* [TASK PROMPT]
Report the count of lines containing the word "cdot" in the entries below, and nothing more.

* [GIVEN RECORDS]
lemma inf_norm_vec_attained:
  fixes v :: "real vec"
  assumes "dim_vec v > 0"
  obtains j where "j < dim_vec v" "\<bar>v $ j\<bar> = inf_norm_vec v"
proof -
  have "finite {\<bar>v $ i\<bar> | i. i < dim_vec v}" by simp
  moreover have "{\<bar>v $ i\<bar> | i. i < dim_vec v} \<noteq> {}" using assms by auto
  ultimately have "inf_norm_vec v \<in> {\<bar>v $ i\<bar> | i. i < dim_vec v}"
    unfolding inf_norm_vec_def by (rule Max_in)
  then show ?thesis using that by auto
qed

lemma inf_norm_vec_eqI:
  fixes v :: "real vec"
  assumes "\<And>i. i < dim_vec v \<Longrightarrow> \<bar>v $ i\<bar> \<le> m" and "j < dim_vec v" and "\<bar>v $ j\<bar> = m"
  shows "inf_norm_vec v = m"
proof -
  have "m \<in> {\<bar>v $ i\<bar> | i. i < dim_vec v}" using assms(2,3) by auto
  then show ?thesis
    unfolding inf_norm_vec_def using assms(1) by (intro Max_eqI) auto
qed

lemma inf_norm_vec_smult:
  fixes v :: "real vec"
  assumes "dim_vec v > 0"
  shows "inf_norm_vec (c \<cdot>\<^sub>v v) = \<bar>c\<bar> * inf_norm_vec v"
proof -
  obtain j where j: "j < dim_vec v" "\<bar>v $ j\<bar> = inf_norm_vec v"
    using inf_norm_vec_attained assms by blast
  show ?thesis
  proof (rule inf_norm_vec_eqI)
    fix i assume "i < dim_vec (c \<cdot>\<^sub>v v)"
    then show "\<bar>(c \<cdot>\<^sub>v v) $ i\<bar> \<le> \<bar>c\<bar> * inf_norm_vec v"
      by (simp add: abs_mult mult_left_mono abs_le_inf_norm_vec)
  next
    show "j < dim_vec (c \<cdot>\<^sub>v v)" "\<bar>(c \<cdot>\<^sub>v v) $ j\<bar> = \<bar>c\<bar> * inf_norm_vec v"
      using j by (simp_all add: abs_mult)
  qed
qed

lemma abs_add_sign_eq:
  fixes a s :: real
  assumes "\<bar>s\<bar> = 1" and "a * s \<ge> 0"
  shows "\<bar>a + s\<bar> = \<bar>a\<bar> + 1"
  using assms by (cases "s \<ge> 0") (auto simp: abs_if zero_le_mult_iff)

* [WRITTEN REPLY]
4